I write this as a Muslim Canadian who does not have any specific political leanings.

But in the 25 years I have called Canada home, I have seen a steady rise of Muslim women being strangled in the pernicious black tent that is passed off to naïve and guilt-ridden white, mainstream Canadians as an essential Islamic practice.

The niqab and burka have nothing to do with Islam.

They're the political flags of the Muslim Brotherhood, ISIS, the Taliban, al-Qaida and Saudi Arabia.

Now I learn I have not only to fight the medieval, theocratic adherents of my faith for a safe space for myself, I have to battle the Federal Court of Canada as well, which has come out on the side of these face masks.

The ruling concerns the case of Zunera Ishaq, a 29-year-old woman who emigrated to Canada from Pakistan in 2008.

After previously showing her face to an immigration official in 2013 when taking her citizenship test, she refused to take part in the citizenship ceremony because she would have to show her face while taking the oath of citizenship.

Prime Minister Stephen Harper's government rightly banned face masks at such ceremonies, but this was found to be unlawful by the Federal Court.

With all due respect, let me introduce our Canadian judges to their Pakistani colleagues in the jihadi badlands of Peshawar.

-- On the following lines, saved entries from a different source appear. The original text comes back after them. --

lemma weak_solution_contact_vacuum_contact:
  fixes X1 X2 ul ur :: "real \<Rightarrow> real" and ubar :: "real \<Rightarrow> real \<Rightarrow> real"
  assumes "X1 0 = 0" and dX1: "\<And>t. (X1 has_real_derivative ul t) (at t)"
    and dul: "\<And>t. (ul has_real_derivative \<mu> * (ua - ul t)) (at t)"
    and "X2 0 = 0" and dX2: "\<And>t. (X2 has_real_derivative ur t) (at t)"
    and dur: "\<And>t. (ur has_real_derivative \<mu> * (ua - ur t)) (at t)"
    and X12: "\<And>t. 0 \<le> t \<Longrightarrow> X1 t \<le> X2 t"
  shows "weak_solution \<mu> ua
           (\<lambda>x. if x < 0 then \<alpha>m else \<alpha>p)
           (\<lambda>x. if x < 0 then ul 0 else ur 0)
           (\<lambda>(x, t). if x < X1 t then \<alpha>m else if x \<le> X2 t then 0 else \<alpha>p)
           (\<lambda>(x, t). if x < X1 t then ul t else if x \<le> X2 t then ubar x t else ur t)"
  unfolding weak_solution_def
proof (intro allI impI conjI)
  let ?\<alpha> = "(\<lambda>(x, t). if x < X1 t then \<alpha>m else if x \<le> X2 t then 0 else \<alpha>p) :: real \<times> real \<Rightarrow> real"
  let ?u = "(\<lambda>(x, t). if x < X1 t then ul t else if x \<le> X2 t then ubar x t else ur t) :: real \<times> real \<Rightarrow> real"
  let ?L = "\<lambda>p. indicator {0..} (snd p) * indicator {..<0} (fst p - X1 (snd p)) :: real"
  let ?R = "\<lambda>p. indicator {0..} (snd p) * indicator {0<..} (fst p - X2 (snd p)) :: real"
  fix \<psi> assume tf: "test_fun \<psi>"
  note left = droplet_constant_state_region[OF tf _ \<open>X1 0 = 0\<close> dX1 dul, of "{..<0}", simplified]
  note right = droplet_constant_state_region[OF tf _ \<open>X2 0 = 0\<close> dX2 dur, of "{0<..}", simplified]
  note split_initial = integral_test_fun_initial_step[OF tf]
  have mass: "indicator (UNIV \<times> {0..}) p *\<^sub>R (?\<alpha> p * partial_t \<psi> p + ?\<alpha> p * ?u p * partial_x \<psi> p)
      = \<alpha>m * (?L p * (partial_t \<psi> p + ul (snd p) * partial_x \<psi> p))
        + \<alpha>p * (?R p * (partial_t \<psi> p + ur (snd p) * partial_x \<psi> p))" for p
    using X12[of "snd p"] by (cases p) (auto simp: indicator_def algebra_simps)
  show "set_lebesgue_integral lborel (UNIV \<times> {0..})
      (\<lambda>p. ?\<alpha> p * partial_t \<psi> p + ?\<alpha> p * ?u p * partial_x \<psi> p)
      = - (LINT x|lborel. (if x < 0 then \<alpha>m else \<alpha>p) * \<psi> (x, 0))"
    unfolding set_lebesgue_integral_def mass split_initial using left right by simp
  have momentum: "indicator (UNIV \<times> {0..}) p *\<^sub>R (?\<alpha> p * ?u p * partial_t \<psi> p
        + ?\<alpha> p * (?u p)\<^sup>2 * partial_x \<psi> p + \<mu> * ?\<alpha> p * (ua - ?u p) * \<psi> p)
      = \<alpha>m * (?L p * (ul (snd p) * partial_t \<psi> p + (ul (snd p))\<^sup>2 * partial_x \<psi> p
          + \<mu> * (ua - ul (snd p)) * \<psi> p))
        + \<alpha>p * (?R p * (ur (snd p) * partial_t \<psi> p + (ur (snd p))\<^sup>2 * partial_x \<psi> p
          + \<mu> * (ua - ur (snd p)) * \<psi> p))" for p
    using X12[of "snd p"] by (cases p) (auto simp: indicator_def algebra_simps)
  show "set_lebesgue_integral lborel (UNIV \<times> {0..})
      (\<lambda>p. ?\<alpha> p * ?u p * partial_t \<psi> p + ?\<alpha> p * (?u p)\<^sup>2 * partial_x \<psi> p
        + \<mu> * ?\<alpha> p * (ua - ?u p) * \<psi> p)
      = - (LINT x|lborel. (if x < 0 then \<alpha>m else \<alpha>p) * (if x < 0 then ul 0 else ur 0) * \<psi> (x, 0))"
  proof -
    have product: "(if x < 0 then \<alpha>m else \<alpha>p) * (if x < 0 then ul 0 else ur 0)
        = (if x < 0 then \<alpha>m * ul 0 else \<alpha>p * ur 0)" for x :: real
      by simp
    show ?thesis
      unfolding set_lebesgue_integral_def momentum product split_initial
      by (simp add: left right; simp add: algebra_simps)
  qed
qed
(* Let $\mathcal{A}$ be a C*-algebra, let $E$ be a Hilbert $\mathcal{A}$-module satisfying property $[\mathbb{H}]$ and let $C\in\mathcal{K}(E)$. Then for every nonzero $\lambda\in\mathbb{C}$ the range $\mathrm{Ran}(\lambda I-C)$ is closed and is an orthogonal summand of $E$. In particular, $E=\mathrm{Ker}(I-C^* )\oplus \mathrm{Ran}(I-C)$.
   Context: A (right) Hilbert $\mathcal{A}$-module $E$ is a right $\mathcal{A}$-module with an $\mathcal{A}$-valued inner product $\langle\cdot,\cdot\rangle$ (linear in the second variable, $\langle x,ya\rangle=\langle x,y\rangle a$, $\langle y,x\rangle=\langle x,y\rangle^*$, $\langle x,x\rangle\ge 0$ with equality iff $x=0$), complete in the norm $\|x\|=\|\langle x,x\rangle\|^{1/2}$. $\mathcal{L}(E)$ denotes the C*-algebra of adjointable operators on $E$; for $x,y\in E$, $\theta_{x,y}(z)=x\langle y,z\rangle$; $\mathcal{K}(E)$ (the compact operators) is the norm closure in $\mathcal{L}(E)$ of the linear span of $\{\theta_{x,y}:x,y\in E\}$. $E$ satisfies property $[\mathbb{H}]$ if for every bounded sequence $(\zeta_n)$ in $E$ there exist a subsequence $(\zeta_{n_k})$ and $\zeta\in E$ such that $\langle v,\zeta_{n_k}\rangle\to\langle v,\zeta\rangle$ for every $v\in E$. A closed submodule $F$ is an orthogonal summand if $E=F\oplus F^\perp$, where $F^\perp=\{y\in E:\langle x,y\rangle=0\ \forall x\in F\}$. *)

theory Defs
  imports "HOL-Analysis.Analysis"
begin
definition is_cycle :: "'v set \<Rightarrow> 'v set set \<Rightarrow> bool" where
  "is_cycle W F \<longleftrightarrow> (\<exists>m f. 3 \<le> m \<and> bij_betw f {0..<m} W \<and>
       F = {{f k, f (Suc k mod m)} | k. k < m})"

end

theory Submission
  imports Defs
begin

(* If two graphs share at most one vertex w, then Cut(G1 \<union> G2) is the product
   Cut(G1) \<times> Cut(G2) in R^E1 \<times> R^E2.  A cut of the union restricts to cuts of the two parts;
   conversely, cuts T1 of G1 and T2 of G2 glue to the cut T1 \<union> T2 of the union once T2 is
   replaced, if necessary, by its complement in V2 (which has the same cut vector) so that both
   agree at w, and convex combinations glue with product weights.  Hence the volume of the union
   is the product of the volumes, and the necklace is built from C_n by attaching the cycles C^i
   one at a time. *)

(* The function space carries the product topology but no t2_space instance,
   so compact_imp_closed does not apply to it directly. *)
lemma compact_imp_closed_fun:
  fixes C :: "('a \<Rightarrow> 'b::metric_space) set"
  assumes "compact C"
  shows "closed C"
proof -
  have "Hausdorff_space (euclidean :: ('a \<Rightarrow> 'b) topology)"
    unfolding euclidean_product_topology[symmetric] by (simp add: Hausdorff_space_product_topology)
  then show ?thesis
    using compactin_imp_closedin[of euclidean C] assms by simp
qed
lemma emeasure_flip_zero_progress:
  assumes P: "valid_pop n P" "all_ones n \<notin> P" and w: "w \<in> P" "ones n w = max_ones n P"
  shows "ennreal (real (n - max_ones n P) / real n)
           \<le> emeasure (map_pmf (\<lambda>i. update_pop n m P (flip_bit w i)) (pmf_of_set {..<n}))
               {Q. max_ones n P < max_ones n Q}"
proof -
  let ?k = "max_ones n P"
  let ?A = "{Q. ?k < max_ones n Q}"
  let ?U = "\<lambda>i. update_pop n m P (flip_bit w i)"
  define Z where "Z = {i. i < n \<and> \<not> w ! i}"
  have "Z \<subseteq> {..<n} \<inter> ?U -` ?A"
  proof
    fix i assume "i \<in> Z"
    moreover have "length w = n" using P(1) w(1) by (simp add: valid_pop_def)
    ultimately have "ones n (flip_bit w i) = Suc ?k"
      using w(2) ones_flip_bit[of i w n] by (auto simp: Z_def)
    then show "i \<in> {..<n} \<inter> ?U -` ?A"
      using \<open>i \<in> Z\<close> max_ones_update_pop_gt[OF P(1)] by (auto simp: Z_def)
  qed
  then have "card Z \<le> card ({..<n} \<inter> ?U -` ?A)"
    by (intro card_mono) auto
  moreover have "card Z = n - ?k"
    using card_zero_bits[of n w] w(2) by (simp add: Z_def)
  ultimately have "ennreal (real (n - ?k) / real n) \<le> ennreal (real (card ({..<n} \<inter> ?U -` ?A)) / real n)"
    by (intro ennreal_leI divide_right_mono) simp_all
  also have "\<dots> = emeasure (map_pmf ?U (pmf_of_set {..<n})) ?A"
    using max_ones_less[OF P] by (subst emeasure_map_pmf, subst emeasure_pmf_of_set_real) auto
  finally show ?thesis .
qed

text \<open>A best string of \<open>P\<close> is selected with probability at least \<open>1 / (n + 1)\<close>, and
  flipping any of its \<open>n - max_ones n P\<close> zeros creates an offspring that improves \<open>max_ones\<close>,
  whichever party decides.\<close>

lemma emeasure_stopped_step_progress:
  assumes P: "valid_pop n P" and not_done: "all_ones n \<notin> P"
  shows "ennreal (real (n - max_ones n P) / real (n * Suc n))
           \<le> emeasure (stopped_step n \<phi> P) {Q. max_ones n P < max_ones n Q}"
proof -
  let ?k = "max_ones n P"
  let ?A = "{Q. ?k < max_ones n Q}"
  let ?U = "\<lambda>x m i. update_pop n m P (flip_bit x i)"
  have fin: "finite P" "P \<noteq> {}" "card P \<le> Suc n"
    using P by (auto simp: valid_pop_def)
  obtain w where w: "w \<in> P" "ones n w = ?k"
    using max_ones_attained[OF fin(1,2)] .
  have "real (n - ?k) / real (n * Suc n) = real (n - ?k) / real n / real (Suc n)"
    by (simp add: algebra_simps)
  also have "\<dots> \<le> real (n - ?k) / real n / real (card P)"
    using fin by (intro divide_left_mono) (auto simp: card_gt_0_iff)
  finally have "ennreal (real (n - ?k) / real (n * Suc n)) \<le> ennreal (real (n - ?k) / real n) / card P"
    using fin by (simp add: ennreal_of_nat_eq_real_of_nat divide_ennreal card_gt_0_iff)
  also have "\<dots> \<le> emeasure (bind_pmf (bernoulli_pmf \<phi>) (\<lambda>m. map_pmf (?U w m) (pmf_of_set {..<n}))) ?A / card P"
    using P not_done w by (intro divide_right_mono_ennreal emeasure_bind_pmf_ge emeasure_flip_zero_progress)
  also have "\<dots> \<le> emeasure (stopped_step n \<phi> P) ?A"
    unfolding stopped_step_eq[OF not_done fin(2)] using fin(1) w(1) by (rule emeasure_bind_pmf_of_set_ge)
  finally show ?thesis .
qed

lemma nn_integral_add_sum_emeasure_le_potential:
  fixes K :: "'s \<Rightarrow> 's pmf" and d :: "nat \<Rightarrow> 's pmf" and G :: "'s \<Rightarrow> ennreal"
  assumes d_Suc: "\<And>t. d (Suc t) = bind_pmf (d t) K"
    and drift: "\<And>t s. s \<in> set_pmf (d t) \<Longrightarrow> (\<integral>\<^sup>+s'. G s' \<partial>K s) + indicator B s \<le> G s"
  shows "(\<integral>\<^sup>+s. G s \<partial>d T) + (\<Sum>t<T. emeasure (d t) B) \<le> (\<integral>\<^sup>+s. G s \<partial>d 0)"
proof (induction T)
  case (Suc T)
  have "(\<integral>\<^sup>+s. G s \<partial>d (Suc T)) + emeasure (d T) B
      = (\<integral>\<^sup>+s. (\<integral>\<^sup>+s'. G s' \<partial>K s) + indicator B s \<partial>d T)"
    by (simp add: d_Suc nn_integral_add)
  also have "\<dots> \<le> (\<integral>\<^sup>+s. G s \<partial>d T)"
    by (intro nn_integral_mono_AE AE_pmfI drift)
  finally have step: "(\<integral>\<^sup>+s. G s \<partial>d (Suc T)) + emeasure (d T) B \<le> (\<integral>\<^sup>+s. G s \<partial>d T)" .
  have "(\<integral>\<^sup>+s. G s \<partial>d (Suc T)) + (\<Sum>t<Suc T. emeasure (d t) B)
      = ((\<integral>\<^sup>+s. G s \<partial>d (Suc T)) + emeasure (d T) B) + (\<Sum>t<T. emeasure (d t) B)"
    by (simp add: ac_simps)
  also have "\<dots> \<le> (\<integral>\<^sup>+s. G s \<partial>d T) + (\<Sum>t<T. emeasure (d t) B)"
    using step by (rule add_right_mono)
  also have "\<dots> \<le> (\<integral>\<^sup>+s. G s \<partial>d 0)"
    by (rule Suc.IH)
  finally show ?case .
qed simp

lemma suminf_emeasure_le_potential:
  fixes K :: "'s \<Rightarrow> 's pmf" and d :: "nat \<Rightarrow> 's pmf" and G :: "'s \<Rightarrow> ennreal"
  assumes d_Suc: "\<And>t. d (Suc t) = bind_pmf (d t) K"
    and I_0: "\<And>s. s \<in> set_pmf (d 0) \<Longrightarrow> I s"
    and I_K: "\<And>s s'. I s \<Longrightarrow> s' \<in> set_pmf (K s) \<Longrightarrow> I s'"
    and drift: "\<And>s. I s \<Longrightarrow> (\<integral>\<^sup>+s'. G s' \<partial>K s) + indicator B s \<le> G s"
  shows "(\<Sum>t. emeasure (d t) B) \<le> (\<integral>\<^sup>+s. G s \<partial>d 0)"
  unfolding suminf_eq_SUP
proof (rule SUP_least)
  fix T
  have I: "I s" if "s \<in> set_pmf (d t)" for s t
    using that by (induction t arbitrary: s) (auto simp: d_Suc intro: I_0 I_K)
  have "(\<Sum>t<T. emeasure (d t) B) \<le> (\<integral>\<^sup>+s. G s \<partial>d T) + (\<Sum>t<T. emeasure (d t) B)"
    by (intro add_increasing) simp_all
  also have "\<dots> \<le> (\<integral>\<^sup>+s. G s \<partial>d 0)"
    using d_Suc by (rule nn_integral_add_sum_emeasure_le_potential) (blast intro: drift I)
  finally show "(\<Sum>t<T. emeasure (d t) B) \<le> (\<integral>\<^sup>+s. G s \<partial>d 0)" .
qed

definition runtime_potential :: "nat \<Rightarrow> bool list set \<Rightarrow> ennreal" where
  "runtime_potential n P = ennreal (real (n * Suc n) * harm (n - max_ones n P))"

lemma harm_diff_ge:
  assumes "k < k'" "k' \<le> n"
  shows "harm (n - k') + 1 / real (n - k) \<le> (harm (n - k) :: real)"
proof -
  have "harm (n - k') \<le> (harm (n - Suc k) :: real)"
    using assms by (intro harm_mono) simp
  moreover have "n - k = Suc (n - Suc k)"
    using assms by simp
  ultimately show ?thesis
    by (simp add: harm_Suc inverse_eq_divide)
qed

lemma runtime_potential_decrease:
  assumes "valid_pop n Q" "max_ones n P \<le> max_ones n Q" "max_ones n P < n"
  shows "runtime_potential n Q
           + ennreal (real (n * Suc n) / real (n - max_ones n P)) * indicator {Q. max_ones n P < max_ones n Q} Q
         \<le> runtime_potential n P"
proof (cases "max_ones n P < max_ones n Q")
  case True
  let ?c = "real (n * Suc n)"
  have "harm (n - max_ones n Q) + 1 / real (n - max_ones n P) \<le> (harm (n - max_ones n P) :: real)"
    using True max_ones_le[OF assms(1)] by (rule harm_diff_ge)
  from mult_left_mono[OF this, of ?c]
  have "?c * harm (n - max_ones n Q) + ?c / real (n - max_ones n P) \<le> ?c * harm (n - max_ones n P)"
    by (simp add: distrib_left)
  then show ?thesis
    using True by (simp add: runtime_potential_def harm_nonneg flip: ennreal_plus)
next
  case False
  then show ?thesis using assms(2) by (simp add: runtime_potential_def)
qed
lemma argument_lift_degree:
  fixes \<theta> :: "real \<Rightarrow> real"
  assumes deriv: "\<And>t. (\<theta> has_real_derivative p (cis t)) (at t)"
    and lift: "\<And>t. f (cis t) = cis (\<theta> t)" and pos: "\<And>z. cmod z = 1 \<Longrightarrow> 0 < p z"
  obtains m :: nat where "m > 0" "\<And>t. \<theta> (t + 2 * pi) = \<theta> t + 2 * pi * m"
proof -
  have "((\<lambda>t. \<theta> (t + 2 * pi) - \<theta> t) has_real_derivative 0) (at t within UNIV)" for t
    using DERIV_diff[OF DERIV_shift[THEN iffD1, OF deriv[of "t + 2 * pi"]] deriv[of t]]
    by (simp flip: cis_mult)
  then obtain d where d: "\<And>t. \<theta> (t + 2 * pi) - \<theta> t = d"
    using has_field_derivative_zero_constant[of UNIV "\<lambda>t. \<theta> (t + 2 * pi) - \<theta> t"] by blast
  have "cis (\<theta> (0 + 2 * pi)) = cis (\<theta> 0)"
    by (simp flip: lift)
  then obtain n :: int where n: "d = 2 * pi * n"
    using d[of 0] unfolding cis_eq_cis_iff by auto
  have increasing: "\<exists>y. DERIV \<theta> t :> y \<and> 0 < y" for t
    using deriv pos[of "cis t"] by auto
  have "\<theta> 0 < \<theta> (2 * pi)"
    by (rule DERIV_pos_imp_increasing[of 0 "2 * pi" \<theta>]) (simp_all add: increasing)
  then have "0 < 2 * pi * real_of_int n"
    using d[of 0] n by simp
  then have "n > 0"
    by (simp add: zero_less_mult_iff)
  moreover have "\<theta> (t + 2 * pi) = \<theta> t + 2 * pi * nat n" for t
    using d[of t] n \<open>n > 0\<close> by simp
  ultimately show ?thesis
    using that[of "nat n"] by simp
qed

section \<open>The Hilbert module of a finite Blaschke product\<close>

lemma ipX_ract: "ipX R \<xi> (ract R \<eta> b) w = ipX R \<xi> \<eta> w * b w"
  unfolding ipX_def aleksandrov_def ract_def sum_distrib_right by (rule sum.cong) auto

lemma ipX_lact: "ipX R (lact a \<xi>) \<eta> = ipX R \<xi> (lact (\<lambda>z. cnj (a z)) \<eta>)"
  unfolding ipX_def lact_def by (simp add: ac_simps)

In November 2004, the Chief Justice of the Peshawar High Court (PHC), Tariq Pervaiz Khan, ordered female lawyers not to wear face veils in courtrooms, saying they couldn't be identified, nor assist the court properly while wearing veils.

He scolded the niqabi women saying,"You are professionals."

Covering the face is not a religious requirement for Muslim women.

The injunction in the Qur'an is for modesty (for men and women).

Some Muslim women interpret this as covering their head with a scarf or chador.

A scholar of Islamic history, Prof. Mohammad Qadeer of Queen's University, Kingston, wrote in the Globe and Mail in March 2006:

"The argument about concealing one's face as a religious obligation, is contentious and is not backed by the evidence."

He added, "in Western societies, the niqab also is a symbol of distrust for fellow citizens and a statement of self-segregation. The wearer of a face veil is conveying: 'I am violated if you look at me.'"

It is a barrier in civic discourse. It also subverts public trust."

The federal Liberals and NDP are treating Canada's niqabis as latter-day Rosa Parks, fighting for justice.

This is vote-bank politics that is, as my friend and secular activist Tarek Fatah calls it, "sharia Bolshevism."

There is just one way forward: The next government must legislate the complete ban on wearing face masks in public, not just to expose the hypocrisy of the Islamists but for the sake of our security as well.